Пока Посланник любовался искусством Матеуса, Арам быстро свернул холсты, которые так долго были разбросаны по покоям. Закончив уборку, юноша занялся подготовкой воды для омовения. Саймей в это время, сам, очень бережно, складывал небольшие моточки нитей и иглы в специальную шкатулку мальчика. При этом Посланником овладело какое-то странное, но очень приятное чувство сопричастности с тем чудесным даром, которым обладал Матеус, Саймею казалось, или хотелось верить, будто даже такая его маленькая помощь это его скромный, мизерный вклад в великое искусство мальчика. Это радовало и изумляло.
Арам наполнил чашу водой, оглянулся на учителя.
— О! — тут же откликнулся Саймей и виновато улыбнулся. — Прости, я немного замечтался и не сказал тебе, что пока не собираюсь ложиться.
Юноша удивился.
— Мне надо сходить к братьям Маркусу и Беньямину, — продолжил Посланник. — Нет! — видя, что Арам тут же потянулся за сумкой со свитками. — Тебе лучше оставаться здесь. Я иду говорить с ними о наказании, которое я возложил на Зосима. Тебе не надо при этом присутствовать.
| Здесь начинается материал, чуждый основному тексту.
(* Let $F:\mathbb{R}^n\to\mathbb{R}^n$ be semilinear, monotone and homogeneous. Then there exists a game graph $\vec{\mathcal{G}}$ with Min vertex set $[n]$ satisfying assumptions (a)–(c) such that $F$ is the operator encoded by $\vec{\mathcal{G}}$.
   Context: Game graph: a directed graph $\vec{\mathcal{G}}=(V,E)$ with $V=V_{\mathrm{Min}}\uplus V_{\mathrm{Rand}}\uplus V_{\mathrm{Max}}$, $V_{\mathrm{Min}}=[n]$ and $V_{\mathrm{Max}}=[m]$ nonempty, every vertex having at least one outgoing edge; $\mathrm{Out}(v)$ is the set of outgoing edges of $v$. Each edge $e$ with Min or Max tail carries a real $r_e$; each edge $e$ with Random tail carries a rational $q_e>0$, summing to $1$ over the outgoing edges of each Random vertex. Assumptions: (a) every path between two Min vertices contains a Max vertex; (b) every path between two Max vertices contains a Min vertex; (c) from every Random vertex there is a path to a Min or Max vertex. In the Markov chain on $V$ where Min and Max vertices are absorbing and a Random vertex $v$ moves to $w$ with probability $q_{(v,w)}$, $p^e_v$ is the probability that the chain started at the head of edge $e$ is absorbed at $v\in V_{\mathrm{Min}}\cup V_{\mathrm{Max}}$. The operator encoded by $\vec{\mathcal{G}}$ is $F_v(x)=\min_{e\in\mathrm{Out}(v)}\big(r_e+\sum_{w\in[m]}p^e_w\max_{e'\in\mathrm{Out}(w)}(r_{e'}+\sum_{u\in[n]}p^{e'}_u x_u)\big)$, $v\in[n]$. Semilinear: graph of $F$ is a finite union of sets $\{z: \langle A_i,z\rangle>b_i,\ \langle A_j,z\rangle=b_j\}$ with rational $A$, real $b$. Monotone: $x\le y\Rightarrow F(x)\le F(y)$; homogeneous: $F(\lambda+x)=\lambda+F(x)$ for $\lambda\in\mathbb{R}$. *)

theory Defs
  imports "HOL-Analysis.Analysis"
begin

text \<open>A linear constraint on z = (x,y) in R^n x R^n: coefficient vectors a (for x) and
  c (for y), right-hand side b.\<close>

type_synonym 'n lin_constr = "(real^('n::finite)) \<times> (real^'n) \<times> real"

definition rational_constr :: "('n::finite) lin_constr \<Rightarrow> bool" where
  "rational_constr C \<longleftrightarrow> (case C of (a, c, b) \<Rightarrow> (\<forall>i. a $ i \<in> \<rat> \<and> c $ i \<in> \<rat>))"

definition basic_semilinear_set :: 
  "('n::finite) lin_constr set \<Rightarrow> 'n lin_constr set \<Rightarrow> ((real^'n) \<times> (real^'n)) set" where
  "basic_semilinear_set S Q =
     {(x, y). (\<forall>(a, c, b)\<in>S. a \<bullet> x + c \<bullet> y > b) \<and> (\<forall>(a, c, b)\<in>Q. a \<bullet> x + c \<bullet> y = b)}"

definition semilinear_map :: "(real^('n::finite) \<Rightarrow> real^'n) \<Rightarrow> bool" where
  "semilinear_map F \<longleftrightarrow>
     (\<exists>P :: ('n lin_constr set \<times> 'n lin_constr set) set.
        finite P \<and>
        (\<forall>(S, Q)\<in>P. finite S \<and> finite Q \<and> (\<forall>C\<in>S \<union> Q. rational_constr C)) \<and>
        {(x, F x) | x. True} = (\<Union>(S, Q)\<in>P. basic_semilinear_set S Q))"

definition monotone_map :: "(real^('n::finite) \<Rightarrow> real^'n) \<Rightarrow> bool" where
  "monotone_map F \<longleftrightarrow> (\<forall>x y. (\<forall>i. x $ i \<le> y $ i) \<longrightarrow> (\<forall>i. F x $ i \<le> F y $ i))"

definition homogeneous_map :: "(real^('n::finite) \<Rightarrow> real^'n) \<Rightarrow> bool" where
  "homogeneous_map F \<longleftrightarrow> (\<forall>(l::real) x. F ((\<chi> i. l) + x) = (\<chi> i. l) + F x)"

text \<open>Vertices: Min vertices are indexed by the finite type 'n (playing the role of [n]),
  Max vertices are MaxV j with j < m (i.e. [m]), Random vertices are RandV k, k in a finite set.\<close>

datatype 'n vertex = MinV 'n | MaxV nat | RandV nat

fun is_min :: "'n vertex \<Rightarrow> bool" where
  "is_min (MinV _) = True" | "is_min _ = False"
fun is_max :: "'n vertex \<Rightarrow> bool" where
  "is_max (MaxV _) = True" | "is_max _ = False"
fun is_rand :: "'n vertex \<Rightarrow> bool" where
  "is_rand (RandV _) = True" | "is_rand _ = False"

type_synonym 'n edge = "'n vertex \<times> 'n vertex"

definition vertices :: "nat \<Rightarrow> nat set \<Rightarrow> 'n vertex set" where
  "vertices m R = range MinV \<union> MaxV ` {..<m} \<union> RandV ` R"

definition Out :: "'n edge set \<Rightarrow> 'n vertex \<Rightarrow> 'n edge set" where
  "Out E v = {e \<in> E. fst e = v}"

definition is_path :: "'n edge set \<Rightarrow> 'n vertex list \<Rightarrow> bool" where
  "is_path E xs \<longleftrightarrow> length xs \<ge> 2 \<and> (\<forall>i. Suc i < length xs \<longrightarrow> (xs ! i, xs ! Suc i) \<in> E)"

definition game_graph ::
  "nat \<Rightarrow> nat set \<Rightarrow> 'n edge set \<Rightarrow> ('n edge \<Rightarrow> real) \<Rightarrow> ('n edge \<Rightarrow> real) \<Rightarrow> bool" where
  "game_graph m R E r q \<longleftrightarrow>
     m > 0 \<and> finite R \<and>
     E \<subseteq> vertices m R \<times> vertices m R \<and>
     (\<forall>v\<in>vertices m R. Out E v \<noteq> {}) \<and>
     (\<forall>e\<in>E. is_rand (fst e) \<longrightarrow> q e \<in> \<rat> \<and> q e > 0) \<and>
     (\<forall>v\<in>vertices m R. is_rand v \<longrightarrow> (\<Sum>e\<in>Out E v. q e) = 1) \<and>
     \<comment> \<open>(a)\<close>
     (\<forall>xs. is_path E xs \<and> is_min (hd xs) \<and> is_min (last xs) \<longrightarrow> (\<exists>w\<in>set xs. is_max w)) \<and>
     \<comment> \<open>(b)\<close>
     (\<forall>xs. is_path E xs \<and> is_max (hd xs) \<and> is_max (last xs) \<longrightarrow> (\<exists>w\<in>set xs. is_min w)) \<and>
     \<comment> \<open>(c)\<close>
     (\<forall>v\<in>vertices m R. is_rand v \<longrightarrow>
        (\<exists>xs. is_path E xs \<and> hd xs = v \<and> (is_min (last xs) \<or> is_max (last xs))))"

text \<open>absorb_within E q k w v: probability that the Markov chain (Min and Max vertices
  absorbing, a Random vertex u moves to w with probability q (u,w)) started at w
  is absorbed at v within k steps.\<close>
fun absorb_within :: "'n edge set \<Rightarrow> ('n edge \<Rightarrow> real) \<Rightarrow> nat \<Rightarrow> 'n vertex \<Rightarrow> 'n vertex \<Rightarrow> real" where
  "absorb_within E q 0 w v = (if \<not> is_rand w \<and> w = v then 1 else 0)"
| "absorb_within E q (Suc k) w v =
     (if is_rand w then (\<Sum>e\<in>Out E w. q e * absorb_within E q k (snd e) v)
      else (if w = v then 1 else 0))"

text \<open>Absorption probability at v starting from w (limit of the nondecreasing sequence).\<close>
definition absorb :: "'n edge set \<Rightarrow> ('n edge \<Rightarrow> real) \<Rightarrow> 'n vertex \<Rightarrow> 'n vertex \<Rightarrow> real" where
  "absorb E q w v = lim (\<lambda>k. absorb_within E q k w v)"

text \<open>p^e_v = absorb E q (snd e) v.  The operator encoded by the game graph.\<close>
definition encoded_operator ::
  "nat \<Rightarrow> ('n::finite) edge set \<Rightarrow> ('n edge \<Rightarrow> real) \<Rightarrow> ('n edge \<Rightarrow> real) \<Rightarrow> real^'n \<Rightarrow> real^'n" where
  "encoded_operator m E r q x = (\<chi> v.
     Min ((\<lambda>e. r e + (\<Sum>w<m. absorb E q (snd e) (MaxV w) *
              Max ((\<lambda>e'. r e' + (\<Sum>u\<in>UNIV. absorb E q (snd e') (MinV u) * x $ u))
                   ` Out E (MaxV w))))
          ` Out E (MinV v)))"

end

theory Submission
  imports Defs
begin

text \<open>The graph of \<open>F\<close> is a finite union of relatively open polyhedral pieces. On a piece
  whose directions project onto all of \<open>\<real>\<^sup>n\<close>, \<open>F\<close> is affine, \<open>F x = c + W x\<close>: monotonicity makes
  \<open>W\<close> nonnegative, homogeneity makes its rows sum to \<open>1\<close>, and \<open>W\<close> is rational since it is the
  unique solution of a rational linear system (a \<open>\<rat>\<close>-linear retraction \<open>\<real> \<rightarrow> \<rat>\<close> maps solutions
  to solutions). The other pieces project into hyperplanes, so by continuity every coordinate
  \<open>F\<^sub>i\<close> is a continuous selection of finitely many affine maps with rational stochastic weights.
  Such a selection satisfies \<open>f x = min\<^sub>y max {g x | g y \<le> f y}\<close>, because on the segment from
  \<open>y\<close> to \<open>x\<close> some piece lies below \<open>f\<close> at \<open>y\<close> and above \<open>f\<close> at \<open>x\<close>. Finally, such a min-max
  is the operator of a three-layer game \<open>Min \<rightarrow> Max \<rightarrow> Random \<rightarrow> Min\<close>.\<close>

section \<open>Continuous selections of affine maps as min-max\<close>

lemma closed_contains_left_endpoint:
  fixes a b :: real
  assumes "closed S" and "a < b" and "{a<..b} \<subseteq> S"
  shows "a \<in> S"
  using closure_minimal[OF assms(3,1)] assms(2) by auto

lemma line_below_after_crossing:
  fixes a b a0 b0 s t :: real
  assumes "a0 < a" and "a + b * s = a0 + b0 * s" and "0 \<le> s" and "s < t"
  shows "a + b * t < a0 + b0 * t"
proof -
  have "0 < (b0 - b) * s"
    using assms(1,2) by (simp add: algebra_simps)
  then have "0 < b0 - b"
    using assms(3) by (simp add: zero_less_mult_iff)
  then have "(b0 - b) * s < (b0 - b) * t"
    using assms(4) by simp
  with assms(2) show ?thesis
    by (simp add: algebra_simps)
qed

lemma closed_bounded_has_max:
  fixes Z :: "real set"
  assumes "closed Z" and "Z \<subseteq> {a..b}" and "z \<in> Z"
  obtains m where "m \<in> Z" and "\<And>t. t \<in> Z \<Longrightarrow> t \<le> m"
proof
  have "bdd_above Z"
    using assms(2) by (rule bdd_above_mono[rotated]) simp
  then show "Sup Z \<in> Z"
    using assms by (intro closed_contains_Sup) auto
  show "t \<le> Sup Z" if "t \<in> Z" for t
    using \<open>bdd_above Z\<close> that by (rule cSup_upper[rotated])
qed

lemma continuous_nonvanishing_pos:
  fixes g :: "real \<Rightarrow> real"
  assumes "continuous_on {a..b} g" and "a \<le> b" and "0 \<le> g b" and "\<And>s. a \<le> s \<Longrightarrow> s \<le> b \<Longrightarrow> g s \<noteq> 0"
  shows "0 < g a"
proof (rule ccontr)
  assume "\<not> 0 < g a"
  then obtain s where "a \<le> s" "s \<le> b" "g s = 0"
    using IVT'[of g a 0 b] assms(1-3) by auto
  with assms(4) show False by blast
qed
Лучше прими пока омовение сам и …. Наверное, надо бы разбудить Матеуса.
— Хорошо, — согласился юноша. — Я помогу ему умыться.
— И еще, немного подумав, решил Саймей. — Вы с ним займете мое ложе. Так будет лучше.
— Нет! — тут же воспротивился Арам. — Нам не пристало стеснять тебя, учитель. Я лучше уж уложу мальчика на своей лежанке. А сам лягу на полу.
— И какой будет толк в таком неудобстве, — чуть надменно возразил Посланник. — Я не так изнежен, чтобы терпеть большие неудобства на лежанке. Завтра нам предстоит пусть и не дальняя, но дорога. Хочу, чтобы все выспались. Так что не спорь.
После этого он взял сумку, забросил ее на плечо и быстро вышел, пока ученик не нашел новых доводов.
Ночь была тихой и ясной. Откуда-то дул легкий освежающий ветерок. Он качал ветви кустов, чуть шуршал травой. Ночь жила своей скрытой жизнью, такой далекой от человека. Саймей прислушивался к этой жизни, с удовольствием ловя шорохи и шепот листьев. Он чувствовал себя сейчас почти счастливым. За время своих многочисленных странствий, всегда полных тревог, Посланник научился ценить эти редкие минуты передышки, когда он резко отбрасывал в сторону все мысли и просто наслаждался ночью, легким ветерком, короткой прогулкой. Но когда впереди показалось крыло старейшин, он опять собрался, готовясь к разговору. Он немного слукавил, когда объяснял ученику цель своего визита к братьям. К блюстителю хозяйства он шел именно по поводу наказания, но вот казначей нужен ему был совершенно по иному поводу.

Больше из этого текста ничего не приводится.